What Is Nmap?
Nmap (Network Mapper) is a free, open-source tool used for network discovery, port scanning, service detection, and security auditing. Originally released in 1997, it remains the most widely used network scanning tool in cybersecurity — relied on by penetration testers, sysadmins, and network engineers worldwide.
Nmap works by sending crafted packets to target hosts and analyzing the responses to determine which hosts are up, which ports are open, what services are running, and even what operating system is in use. It runs on Linux, Windows, and macOS, and its functionality can be extended with the Nmap Scripting Engine (NSE).

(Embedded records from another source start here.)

lemma nn_integral_min_eq_tail_integral:
  fixes \<nu> :: "real measure" and K :: real
  assumes "sigma_finite_measure \<nu>" and sets_\<nu>: "sets \<nu> = sets borel"
  shows "(\<integral>\<^sup>+y. ennreal (min y K) \<partial>\<nu>)
       = (\<integral>\<^sup>+s. indicator {0..K} s * emeasure \<nu> {s<..} \<partial>lborel)"
proof -
  interpret \<nu>: sigma_finite_measure \<nu> by fact
  interpret pair_sigma_finite lborel \<nu> ..
  have [measurable]: "Measurable.pred (lborel \<Otimes>\<^sub>M borel) (\<lambda>x::real \<times> real. snd x \<in> {fst x<..})"
    by (simp add: greaterThan_iff)
  have "(\<lambda>(s, y). indicator {0..K} s * indicator {s<..} y :: ennreal)
      \<in> borel_measurable (lborel \<Otimes>\<^sub>M \<nu>)"
    unfolding measurable_cong_sets[OF sets_pair_measure_cong[OF refl sets_\<nu>] refl] by measurable
  then have "(\<integral>\<^sup>+y. (\<integral>\<^sup>+s. indicator {0..K} s * indicator {s<..} y \<partial>lborel) \<partial>\<nu>)
      = (\<integral>\<^sup>+s. (\<integral>\<^sup>+y. indicator {0..K} s * indicator {s<..} y \<partial>\<nu>) \<partial>lborel)"
    by (rule Fubini')
  also have "\<dots> = (\<integral>\<^sup>+s. indicator {0..K} s * emeasure \<nu> {s<..} \<partial>lborel)"
    using sets_\<nu> by (intro nn_integral_cong nn_integral_cmult_indicator) auto
  finally show ?thesis
    by (simp add: ennreal_min_eq_nn_integral_indicator)
qed

lemma st_le_imp_emeasure_greaterThan_le:
  fixes \<rho> \<nu> :: "real measure"
  assumes "prob_space \<rho>" "prob_space \<nu>" "sets \<rho> = sets borel" "sets \<nu> = sets borel"
    and "st_le \<rho> \<nu>"
  shows "emeasure \<rho> {s<..} \<le> emeasure \<nu> {s<..}"
proof -
  interpret \<rho>: prob_space \<rho> by fact
  interpret \<nu>: prob_space \<nu> by fact
  have "emeasure \<rho> {s<..} = 1 - measure \<rho> {..s}" "emeasure \<nu> {s<..} = 1 - measure \<nu> {..s}"
    using \<rho>.prob_compl[of "{..s}"] \<nu>.prob_compl[of "{..s}"] assms(3,4)
    by (simp_all add: \<rho>.emeasure_eq_measure \<nu>.emeasure_eq_measure
        sets_eq_imp_space_eq[of _ borel] Compl_eq_Diff_UNIV[symmetric])
  then show ?thesis
    using \<open>st_le \<rho> \<nu>\<close> by (auto simp: st_le_def intro!: ennreal_leI)
qed

lemma st_le_imp_nn_integral_min_le:
  fixes \<rho> \<nu> :: "real measure"
  assumes "prob_space \<rho>" "prob_space \<nu>" "sets \<rho> = sets borel" "sets \<nu> = sets borel"
    and "st_le \<rho> \<nu>"
  shows "(\<integral>\<^sup>+y. ennreal (min y K) \<partial>\<rho>) \<le> (\<integral>\<^sup>+y. ennreal (min y K) \<partial>\<nu>)"
  using assms
  by (simp add: nn_integral_min_eq_tail_integral prob_space_imp_sigma_finite
        nn_integral_mono mult_left_mono st_le_imp_emeasure_greaterThan_le)

lemma AE_eq_const_if_no_split:
  fixes \<nu> :: "real measure"
  assumes sets_\<nu>: "sets \<nu> = sets borel"
    and no_split: "\<And>K. emeasure \<nu> {..<K} = 0 \<or> emeasure \<nu> {K<..} = 0"
  shows "\<exists>c. AE y in \<nu>. y = c"
proof -
  have [simp]: "A \<in> sets \<nu>" if "A \<in> sets borel" for A
    using that sets_\<nu> by simp
  have null_UN_Rats: "(\<Union>q\<in>{q\<in>\<rat>. P q}. A q) \<in> null_sets \<nu>"
    if "\<And>q. q \<in> \<rat> \<Longrightarrow> P q \<Longrightarrow> A q \<in> null_sets \<nu>" for P and A :: "real \<Rightarrow> real set"
    using that by (intro null_sets_UN' countable_subset[OF _ countable_rat]) auto
  have below: "{..<c} = (\<Union>q\<in>{q\<in>\<rat>. q < c}. {..<q})" for c :: real
    by (auto dest: Rats_dense_in_real)
  have above: "{c<..} = (\<Union>q\<in>{q\<in>\<rat>. c < q}. {q<..})" for c :: real
    by (auto dest: Rats_dense_in_real)
  have UNIV_null: "AE y in \<nu>. y = c" if "UNIV \<in> null_sets \<nu>" for c
    using that by (rule AE_I') simp
  define T where "T = {K. emeasure \<nu> {..<K} = 0}"
  have T_down: "t \<in> T" if "t \<le> t'" "t' \<in> T" for t t'
    using that emeasure_mono[of "{..<t}" "{..<t'}" \<nu>] by (auto simp: T_def)
  have not_T: "{q<..} \<in> null_sets \<nu>" if "q \<notin> T" for q
    using that no_split[of q] by (auto simp: T_def)
  consider "T = {}" | "\<not> bdd_above T" | "T \<noteq> {}" "bdd_above T"
    by blast
  then show ?thesis
  proof cases
    case 1
    have "UNIV = (\<Union>q\<in>{q\<in>\<rat>. True}. {q<..} :: real set)"
      using Rats_no_bot_less by auto
    also have "\<dots> \<in> null_sets \<nu>"
      using 1 by (intro null_UN_Rats not_T) auto
    finally show ?thesis
      by (blast intro: UNIV_null)
  next
    case 2
    have "q \<in> T" for q
      using 2 T_down by (meson bdd_above.I linorder_not_le order_less_imp_le)
    have "UNIV = (\<Union>q\<in>{q\<in>\<rat>. True}. {..<q} :: real set)"
      using Rats_dense_in_real[OF less_add_one] by blast
    also have "\<dots> \<in> null_sets \<nu>"
      using \<open>\<And>q. q \<in> T\<close> by (intro null_UN_Rats) (auto simp: T_def)
    finally show ?thesis
      by (blast intro: UNIV_null)
  next
    case 3
    define c where "c = Sup T"
    have "{..<c} \<in> null_sets \<nu>"
    proof (subst below, rule null_UN_Rats)
      fix q assume "q < c"
      then obtain t where "t \<in> T" "q < t"
        using less_cSup_iff[OF 3] by (auto simp: c_def)
      then show "{..<q} \<in> null_sets \<nu>"
        using T_down[of q t] by (auto simp: T_def)
    qed
    moreover have "{c<..} \<in> null_sets \<nu>"
    proof (subst above, rule null_UN_Rats)
      fix q assume "c < q"
      then have "q \<notin> T"
        using cSup_upper[OF _ 3(2)] by (force simp: c_def)
      then show "{q<..} \<in> null_sets \<nu>"
        by (rule not_T)
    qed
    ultimately have "{..<c} \<union> {c<..} \<in> null_sets \<nu>"
      by blast
    then have "AE y in \<nu>. y = c"
      by (rule AE_I') auto
    then show ?thesis ..
  qed
qed

lemma ennreal_min_add_le_midpoint:
  fixes a b K :: real
  assumes "0 \<le> a" "0 \<le> b"
  shows "ennreal (min a K) + ennreal (min b K) \<le> 2 * ennreal (min (1/2 * a + 1/2 * b) K)"
proof (cases "0 \<le> K")
  case True
  with assms have "ennreal (min a K) + ennreal (min b K) = ennreal (min a K + min b K)"
    by (simp add: ennreal_plus)
  also have "\<dots> \<le> ennreal (2 * min (1/2 * a + 1/2 * b) K)"
    by (rule ennreal_leI) (auto simp: min_def)
  also have "\<dots> = 2 * ennreal (min (1/2 * a + 1/2 * b) K)"
    using True assms by (simp add: ennreal_mult)
  finally show ?thesis .
qed (simp add: ennreal_neg)

lemma ennreal_min_add_less_midpoint:
  fixes a b K :: real
  assumes "0 \<le> a" "a < K" "K < b"
  shows "ennreal (min a K) + ennreal (min b K) < 2 * ennreal (min (1/2 * a + 1/2 * b) K)"
proof -
  have "ennreal (min a K) + ennreal (min b K) = ennreal (min a K + min b K)"
    using assms by (simp add: ennreal_plus)
  also have "\<dots> < ennreal (2 * min (1/2 * a + 1/2 * b) K)"
    using assms by (subst ennreal_less_iff) (auto simp: min_def)
  also have "\<dots> = 2 * ennreal (min (1/2 * a + 1/2 * b) K)"
    using assms by (simp add: ennreal_mult)
  finally show ?thesis .
qed

lemma nn_integral_min_add_less_midpoint:
  fixes U V :: "'a \<Rightarrow> real" and K :: real
  assumes [measurable]: "U \<in> borel_measurable M" "V \<in> borel_measurable M"
    and nonneg: "AE \<omega> in M. 0 \<le> U \<omega> \<and> 0 \<le> V \<omega>"
    and split_pos: "emeasure M {\<omega> \<in> space M. U \<omega> < K \<and> K < V \<omega>} \<noteq> 0"
    and finite: "(\<integral>\<^sup>+\<omega>. ennreal (min (U \<omega>) K) + ennreal (min (V \<omega>) K) \<partial>M) \<noteq> \<infinity>"
  shows "(\<integral>\<^sup>+\<omega>. ennreal (min (U \<omega>) K) + ennreal (min (V \<omega>) K) \<partial>M)
       < (\<integral>\<^sup>+\<omega>. 2 * ennreal (min (1/2 * U \<omega> + 1/2 * V \<omega>) K) \<partial>M)"
proof (rule nn_integral_less)
  show "AE \<omega> in M. ennreal (min (U \<omega>) K) + ennreal (min (V \<omega>) K)
      \<le> 2 * ennreal (min (1/2 * U \<omega> + 1/2 * V \<omega>) K)"
    using nonneg by eventually_elim (intro ennreal_min_add_le_midpoint; simp)
  show "\<not> (AE \<omega> in M. 2 * ennreal (min (1/2 * U \<omega> + 1/2 * V \<omega>) K)
      \<le> ennreal (min (U \<omega>) K) + ennreal (min (V \<omega>) K))"
  proof
    assume "AE \<omega> in M. 2 * ennreal (min (1/2 * U \<omega> + 1/2 * V \<omega>) K)
      \<le> ennreal (min (U \<omega>) K) + ennreal (min (V \<omega>) K)"
    with nonneg have "AE \<omega> in M. \<not> (U \<omega> < K \<and> K < V \<omega>)"
    proof eventually_elim
      case (elim \<omega>)
      then show ?case
        using ennreal_min_add_less_midpoint[of "U \<omega>" K "V \<omega>"] by (meson leD)
    qed
    from split_pos emeasure_eq_0_AE[OF this] show False
      by (rule notE)
  qed
qed (use finite in measurable)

Important: Only scan networks and systems you own or have explicit written permission to test. Unauthorized scanning is illegal in most jurisdictions.
Installation
Nmap comes pre-installed on Kali Linux and Parrot OS. For other systems:
- Debian/Ubuntu:
sudo apt install nmap - macOS (Homebrew):
brew install nmap - Windows: Download the installer from nmap.org
Basic Scan Types
Host Discovery (Ping Scan)
Before scanning ports, identify which hosts are online:
nmap -sn 192.168.1.0/24This sends ICMP echo requests and ARP requests (on local networks) to discover live hosts without scanning ports. Useful for quickly mapping a network.
Default Scan
nmap 192.168.1.1Scans the 1,000 most common TCP ports on a single host. A good starting point for most assessments.
SYN Scan (Stealth Scan)
sudo nmap -sS 192.168.1.1The most popular scan type. Sends SYN packets but never completes the TCP handshake, making it faster and less likely to appear in application logs. Requires root/administrator privileges.
UDP Scan
sudo nmap -sU 192.168.1.1Scans UDP ports — slower than TCP scans but essential, since many critical services (DNS, SNMP, DHCP) run over UDP and are often overlooked.
Service and Version Detection
nmap -sV 192.168.1.1Probes open ports to determine the specific service name and version number. This is critical for identifying outdated or vulnerable software. For example, discovering Apache httpd 2.2.14 immediately flags a potentially exploitable target.
OS Detection
sudo nmap -O 192.168.1.1Analyzes TCP/IP stack fingerprints to guess the target's operating system and version. Accuracy depends on having at least one open and one closed port visible.
Aggressive Scan
sudo nmap -A 192.168.1.1Enables OS detection (-O), version detection (-sV), script scanning (-sC), and traceroute all at once. Very noisy — ideal for lab environments, not stealth-required engagements.
The Nmap Scripting Engine (NSE)
NSE allows Nmap to run automated scripts against discovered services. Scripts are categorized by type:
- default: Safe, commonly useful scripts run with
-sC - vuln: Check for known vulnerabilities
- auth: Test authentication bypass or default credentials
- brute: Brute-force login services
- discovery: Gather additional information about services
Example — scan for SMB vulnerabilities (like EternalBlue):
nmap --script smb-vuln-ms17-010 -p 445 192.168.1.1Useful Nmap Flags Reference
| Flag | Description |
|---|---|
-p 80,443 | Scan specific ports |
-p- | Scan all 65,535 ports |
-T4 | Faster timing (T0=paranoid, T5=insane) |
-oN output.txt | Save output in normal format |
-oX output.xml | Save output in XML format |
-v | Verbose output |
--open | Only show open ports |
Mastering Nmap is a fundamental milestone in any security professional's toolkit. Practice it in home lab environments and on platforms like TryHackMe and Hack The Box to build intuition for interpreting scan results in real-world contexts.